▸ **REQUIRED WORK**
Go through the entries below and collect each line with the string "ennreal" in it.

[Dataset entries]
■ ■ ■ ■

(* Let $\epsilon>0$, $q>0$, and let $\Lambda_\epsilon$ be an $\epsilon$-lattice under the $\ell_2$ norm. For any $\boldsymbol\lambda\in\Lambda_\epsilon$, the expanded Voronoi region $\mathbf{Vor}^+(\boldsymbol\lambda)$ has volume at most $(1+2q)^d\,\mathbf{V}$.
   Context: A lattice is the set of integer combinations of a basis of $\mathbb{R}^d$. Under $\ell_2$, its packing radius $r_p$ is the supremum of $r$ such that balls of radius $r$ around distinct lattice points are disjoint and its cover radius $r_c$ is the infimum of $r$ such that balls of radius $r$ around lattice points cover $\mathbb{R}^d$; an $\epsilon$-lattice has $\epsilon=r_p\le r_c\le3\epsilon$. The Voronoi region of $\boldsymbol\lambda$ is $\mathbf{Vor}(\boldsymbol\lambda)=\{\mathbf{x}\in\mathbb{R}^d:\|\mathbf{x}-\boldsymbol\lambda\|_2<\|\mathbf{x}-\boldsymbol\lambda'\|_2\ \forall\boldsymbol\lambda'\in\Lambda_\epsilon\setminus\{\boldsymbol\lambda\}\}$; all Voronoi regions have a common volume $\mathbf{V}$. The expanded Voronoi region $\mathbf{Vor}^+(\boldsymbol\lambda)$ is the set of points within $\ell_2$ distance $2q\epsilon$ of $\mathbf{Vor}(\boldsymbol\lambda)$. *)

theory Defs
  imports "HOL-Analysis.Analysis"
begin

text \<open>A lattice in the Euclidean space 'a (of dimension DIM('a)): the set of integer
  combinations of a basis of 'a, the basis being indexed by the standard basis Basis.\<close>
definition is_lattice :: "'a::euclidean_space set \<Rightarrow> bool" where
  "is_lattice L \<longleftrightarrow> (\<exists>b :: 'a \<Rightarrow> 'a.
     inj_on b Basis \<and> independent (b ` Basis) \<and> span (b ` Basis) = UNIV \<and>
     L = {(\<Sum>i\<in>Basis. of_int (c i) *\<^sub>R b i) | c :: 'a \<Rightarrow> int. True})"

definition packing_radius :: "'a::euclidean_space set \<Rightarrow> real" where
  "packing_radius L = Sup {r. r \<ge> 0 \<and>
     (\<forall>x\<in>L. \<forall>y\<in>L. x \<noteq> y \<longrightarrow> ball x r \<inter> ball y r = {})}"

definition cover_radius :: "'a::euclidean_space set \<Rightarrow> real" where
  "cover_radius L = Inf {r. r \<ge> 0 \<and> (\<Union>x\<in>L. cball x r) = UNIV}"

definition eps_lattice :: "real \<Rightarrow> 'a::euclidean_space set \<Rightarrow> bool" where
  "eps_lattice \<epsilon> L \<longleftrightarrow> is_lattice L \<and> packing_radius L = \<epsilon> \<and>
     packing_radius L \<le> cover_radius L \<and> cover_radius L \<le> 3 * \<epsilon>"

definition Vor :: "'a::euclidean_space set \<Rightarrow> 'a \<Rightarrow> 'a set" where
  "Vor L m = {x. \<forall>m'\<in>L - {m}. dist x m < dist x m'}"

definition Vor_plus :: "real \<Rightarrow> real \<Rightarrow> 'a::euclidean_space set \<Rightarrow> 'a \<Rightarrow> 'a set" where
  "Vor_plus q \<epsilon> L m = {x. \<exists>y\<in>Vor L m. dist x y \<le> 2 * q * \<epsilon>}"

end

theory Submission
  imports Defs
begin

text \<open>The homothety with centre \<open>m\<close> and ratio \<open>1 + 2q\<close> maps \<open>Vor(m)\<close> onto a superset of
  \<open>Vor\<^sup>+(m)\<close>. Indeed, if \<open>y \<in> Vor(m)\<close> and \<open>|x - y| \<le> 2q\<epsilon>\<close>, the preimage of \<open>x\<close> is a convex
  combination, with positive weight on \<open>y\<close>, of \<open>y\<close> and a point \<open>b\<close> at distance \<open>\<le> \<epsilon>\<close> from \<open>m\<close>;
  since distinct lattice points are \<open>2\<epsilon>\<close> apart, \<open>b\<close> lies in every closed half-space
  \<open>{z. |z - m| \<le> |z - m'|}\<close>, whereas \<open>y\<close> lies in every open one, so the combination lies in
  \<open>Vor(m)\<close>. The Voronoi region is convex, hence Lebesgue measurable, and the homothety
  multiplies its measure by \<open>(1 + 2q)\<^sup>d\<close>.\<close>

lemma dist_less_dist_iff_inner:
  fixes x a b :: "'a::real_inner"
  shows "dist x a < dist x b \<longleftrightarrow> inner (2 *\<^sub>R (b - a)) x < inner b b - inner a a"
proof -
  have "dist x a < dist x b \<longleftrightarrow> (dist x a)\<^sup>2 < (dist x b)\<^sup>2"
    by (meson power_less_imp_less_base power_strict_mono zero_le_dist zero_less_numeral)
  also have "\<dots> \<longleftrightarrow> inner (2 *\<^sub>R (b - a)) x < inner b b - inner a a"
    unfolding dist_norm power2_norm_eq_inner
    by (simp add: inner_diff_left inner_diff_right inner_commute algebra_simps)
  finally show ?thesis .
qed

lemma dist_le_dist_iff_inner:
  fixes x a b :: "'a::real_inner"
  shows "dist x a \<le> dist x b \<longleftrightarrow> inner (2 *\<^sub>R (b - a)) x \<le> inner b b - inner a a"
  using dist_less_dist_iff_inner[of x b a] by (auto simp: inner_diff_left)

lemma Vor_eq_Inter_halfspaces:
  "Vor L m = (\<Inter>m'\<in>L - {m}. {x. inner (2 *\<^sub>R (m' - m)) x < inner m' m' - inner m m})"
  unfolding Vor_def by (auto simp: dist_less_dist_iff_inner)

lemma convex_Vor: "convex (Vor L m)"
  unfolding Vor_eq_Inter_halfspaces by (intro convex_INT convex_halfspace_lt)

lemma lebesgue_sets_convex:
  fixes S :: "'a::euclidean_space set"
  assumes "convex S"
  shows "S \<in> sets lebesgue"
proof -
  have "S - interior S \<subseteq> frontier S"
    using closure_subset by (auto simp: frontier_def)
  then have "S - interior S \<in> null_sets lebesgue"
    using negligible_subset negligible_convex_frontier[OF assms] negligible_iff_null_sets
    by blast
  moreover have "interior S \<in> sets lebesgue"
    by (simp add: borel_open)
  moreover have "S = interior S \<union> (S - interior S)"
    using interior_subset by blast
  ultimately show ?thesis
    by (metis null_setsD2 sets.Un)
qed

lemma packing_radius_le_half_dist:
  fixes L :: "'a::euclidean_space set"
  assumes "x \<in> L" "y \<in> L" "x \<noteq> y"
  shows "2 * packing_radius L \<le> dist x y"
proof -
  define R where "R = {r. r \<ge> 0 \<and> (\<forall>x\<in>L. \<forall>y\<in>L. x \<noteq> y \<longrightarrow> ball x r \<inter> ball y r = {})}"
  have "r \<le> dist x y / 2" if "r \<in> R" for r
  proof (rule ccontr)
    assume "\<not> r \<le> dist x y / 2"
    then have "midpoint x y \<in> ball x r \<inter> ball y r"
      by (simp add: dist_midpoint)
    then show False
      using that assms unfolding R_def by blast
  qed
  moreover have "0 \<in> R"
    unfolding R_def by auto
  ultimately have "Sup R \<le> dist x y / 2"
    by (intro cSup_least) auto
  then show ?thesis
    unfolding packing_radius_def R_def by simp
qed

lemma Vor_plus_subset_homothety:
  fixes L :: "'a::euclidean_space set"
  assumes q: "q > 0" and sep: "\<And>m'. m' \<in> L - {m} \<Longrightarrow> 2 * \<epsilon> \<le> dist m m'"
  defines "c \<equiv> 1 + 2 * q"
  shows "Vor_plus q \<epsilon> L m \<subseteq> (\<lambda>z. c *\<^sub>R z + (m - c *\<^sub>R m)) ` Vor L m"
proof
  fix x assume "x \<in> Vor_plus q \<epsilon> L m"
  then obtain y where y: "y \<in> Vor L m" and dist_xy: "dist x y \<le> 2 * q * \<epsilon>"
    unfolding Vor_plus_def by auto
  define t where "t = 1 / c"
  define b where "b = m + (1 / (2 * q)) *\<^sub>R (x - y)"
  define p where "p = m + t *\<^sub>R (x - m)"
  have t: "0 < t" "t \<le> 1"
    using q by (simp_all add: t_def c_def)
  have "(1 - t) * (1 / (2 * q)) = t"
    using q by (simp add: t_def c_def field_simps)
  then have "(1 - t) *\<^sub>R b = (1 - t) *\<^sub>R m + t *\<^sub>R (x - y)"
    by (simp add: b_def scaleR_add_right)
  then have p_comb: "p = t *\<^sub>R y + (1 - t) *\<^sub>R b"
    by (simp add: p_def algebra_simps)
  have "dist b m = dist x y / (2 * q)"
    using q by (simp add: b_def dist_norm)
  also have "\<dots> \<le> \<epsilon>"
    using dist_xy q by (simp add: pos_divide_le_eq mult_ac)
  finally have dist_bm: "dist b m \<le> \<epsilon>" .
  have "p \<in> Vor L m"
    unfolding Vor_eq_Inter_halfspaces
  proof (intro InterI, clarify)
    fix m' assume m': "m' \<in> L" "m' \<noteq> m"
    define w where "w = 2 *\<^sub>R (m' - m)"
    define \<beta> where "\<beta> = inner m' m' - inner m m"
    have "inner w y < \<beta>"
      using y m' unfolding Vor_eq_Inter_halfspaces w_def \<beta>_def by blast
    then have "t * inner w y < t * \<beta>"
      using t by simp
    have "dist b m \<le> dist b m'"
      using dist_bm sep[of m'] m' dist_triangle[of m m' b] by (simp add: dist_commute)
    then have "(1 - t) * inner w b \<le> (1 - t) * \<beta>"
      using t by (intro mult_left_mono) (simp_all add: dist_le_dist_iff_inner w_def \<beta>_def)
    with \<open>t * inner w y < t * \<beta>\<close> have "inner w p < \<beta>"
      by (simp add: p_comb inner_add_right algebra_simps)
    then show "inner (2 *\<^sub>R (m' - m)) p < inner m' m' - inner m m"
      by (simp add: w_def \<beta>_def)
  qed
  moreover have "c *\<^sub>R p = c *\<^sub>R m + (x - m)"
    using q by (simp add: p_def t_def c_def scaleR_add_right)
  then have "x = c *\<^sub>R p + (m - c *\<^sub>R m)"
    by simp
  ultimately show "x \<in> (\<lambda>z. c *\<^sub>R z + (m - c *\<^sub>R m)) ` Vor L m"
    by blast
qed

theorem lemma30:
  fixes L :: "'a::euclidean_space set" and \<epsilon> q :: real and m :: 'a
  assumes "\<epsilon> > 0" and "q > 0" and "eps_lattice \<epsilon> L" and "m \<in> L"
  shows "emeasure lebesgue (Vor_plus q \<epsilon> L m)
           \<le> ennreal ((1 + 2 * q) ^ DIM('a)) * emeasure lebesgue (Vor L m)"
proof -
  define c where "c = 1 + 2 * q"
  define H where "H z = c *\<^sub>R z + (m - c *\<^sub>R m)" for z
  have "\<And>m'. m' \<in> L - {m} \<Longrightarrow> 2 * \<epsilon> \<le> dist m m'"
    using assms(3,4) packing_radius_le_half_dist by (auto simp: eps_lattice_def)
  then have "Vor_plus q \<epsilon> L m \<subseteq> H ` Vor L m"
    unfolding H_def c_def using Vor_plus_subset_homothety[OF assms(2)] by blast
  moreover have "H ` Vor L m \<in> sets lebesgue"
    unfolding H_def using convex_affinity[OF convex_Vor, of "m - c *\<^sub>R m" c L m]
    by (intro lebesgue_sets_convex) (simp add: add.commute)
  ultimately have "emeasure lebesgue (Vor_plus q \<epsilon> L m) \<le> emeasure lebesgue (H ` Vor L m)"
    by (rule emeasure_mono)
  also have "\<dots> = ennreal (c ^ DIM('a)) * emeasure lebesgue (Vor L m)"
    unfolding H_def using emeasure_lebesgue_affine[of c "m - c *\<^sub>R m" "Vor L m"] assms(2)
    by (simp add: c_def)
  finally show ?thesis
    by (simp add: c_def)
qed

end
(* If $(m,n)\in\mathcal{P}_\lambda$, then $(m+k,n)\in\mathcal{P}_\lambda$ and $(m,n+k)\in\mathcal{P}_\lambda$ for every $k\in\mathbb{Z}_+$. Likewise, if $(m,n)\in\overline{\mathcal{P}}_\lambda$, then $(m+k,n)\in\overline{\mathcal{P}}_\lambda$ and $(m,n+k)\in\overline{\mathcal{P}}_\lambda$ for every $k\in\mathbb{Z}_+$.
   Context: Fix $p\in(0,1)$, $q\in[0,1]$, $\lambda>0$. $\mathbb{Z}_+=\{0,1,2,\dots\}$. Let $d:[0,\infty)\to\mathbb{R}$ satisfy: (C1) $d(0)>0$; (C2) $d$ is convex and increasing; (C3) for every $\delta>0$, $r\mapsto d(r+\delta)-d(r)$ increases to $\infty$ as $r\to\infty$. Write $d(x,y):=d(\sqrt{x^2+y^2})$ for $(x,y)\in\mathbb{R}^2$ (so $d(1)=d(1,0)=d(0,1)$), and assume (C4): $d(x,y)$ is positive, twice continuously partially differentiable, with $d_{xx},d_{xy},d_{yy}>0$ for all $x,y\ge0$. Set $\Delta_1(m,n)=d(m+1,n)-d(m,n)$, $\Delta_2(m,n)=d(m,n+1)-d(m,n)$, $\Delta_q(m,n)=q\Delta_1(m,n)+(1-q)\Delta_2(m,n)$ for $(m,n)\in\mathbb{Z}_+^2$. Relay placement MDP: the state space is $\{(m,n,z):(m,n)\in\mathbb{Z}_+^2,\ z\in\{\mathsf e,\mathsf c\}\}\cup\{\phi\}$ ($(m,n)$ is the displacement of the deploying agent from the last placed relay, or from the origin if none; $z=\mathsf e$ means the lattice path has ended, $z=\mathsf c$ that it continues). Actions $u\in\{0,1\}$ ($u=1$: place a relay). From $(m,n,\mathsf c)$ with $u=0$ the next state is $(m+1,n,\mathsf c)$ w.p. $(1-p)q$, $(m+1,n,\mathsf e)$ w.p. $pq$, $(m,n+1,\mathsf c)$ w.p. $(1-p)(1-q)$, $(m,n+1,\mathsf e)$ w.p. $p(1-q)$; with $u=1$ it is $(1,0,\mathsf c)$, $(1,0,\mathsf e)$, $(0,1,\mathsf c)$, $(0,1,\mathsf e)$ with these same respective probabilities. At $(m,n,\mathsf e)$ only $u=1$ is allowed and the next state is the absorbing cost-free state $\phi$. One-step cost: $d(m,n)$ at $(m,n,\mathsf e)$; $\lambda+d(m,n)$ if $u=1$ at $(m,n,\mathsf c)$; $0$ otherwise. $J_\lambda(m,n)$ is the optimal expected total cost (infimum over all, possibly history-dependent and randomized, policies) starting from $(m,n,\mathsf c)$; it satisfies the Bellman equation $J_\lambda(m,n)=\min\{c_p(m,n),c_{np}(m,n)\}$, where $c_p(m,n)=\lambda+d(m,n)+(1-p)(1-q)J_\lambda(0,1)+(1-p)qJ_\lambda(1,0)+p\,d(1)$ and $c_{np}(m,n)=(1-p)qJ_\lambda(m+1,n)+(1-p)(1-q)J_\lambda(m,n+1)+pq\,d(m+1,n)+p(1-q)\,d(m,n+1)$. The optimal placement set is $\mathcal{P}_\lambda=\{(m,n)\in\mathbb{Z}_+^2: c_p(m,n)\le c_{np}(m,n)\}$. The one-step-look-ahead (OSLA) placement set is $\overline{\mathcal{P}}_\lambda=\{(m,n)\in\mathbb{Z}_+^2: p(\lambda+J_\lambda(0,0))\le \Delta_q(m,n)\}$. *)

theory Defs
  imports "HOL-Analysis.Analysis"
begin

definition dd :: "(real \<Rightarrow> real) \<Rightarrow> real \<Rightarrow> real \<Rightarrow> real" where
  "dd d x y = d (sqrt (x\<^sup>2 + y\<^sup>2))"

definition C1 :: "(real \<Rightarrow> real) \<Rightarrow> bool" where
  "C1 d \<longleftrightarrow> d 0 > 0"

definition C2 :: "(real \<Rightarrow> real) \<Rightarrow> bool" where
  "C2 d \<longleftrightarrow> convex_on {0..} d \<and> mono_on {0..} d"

■ ■ ■ ■

▸ **RESPONSE FOR THIS EXERCISE**
           \<le> ennreal ((1 + 2 * q) ^ DIM('a)) * emeasure lebesgue (Vor L m)"
  also have "\<dots> = ennreal (c ^ DIM('a)) * emeasure lebesgue (Vor L m)"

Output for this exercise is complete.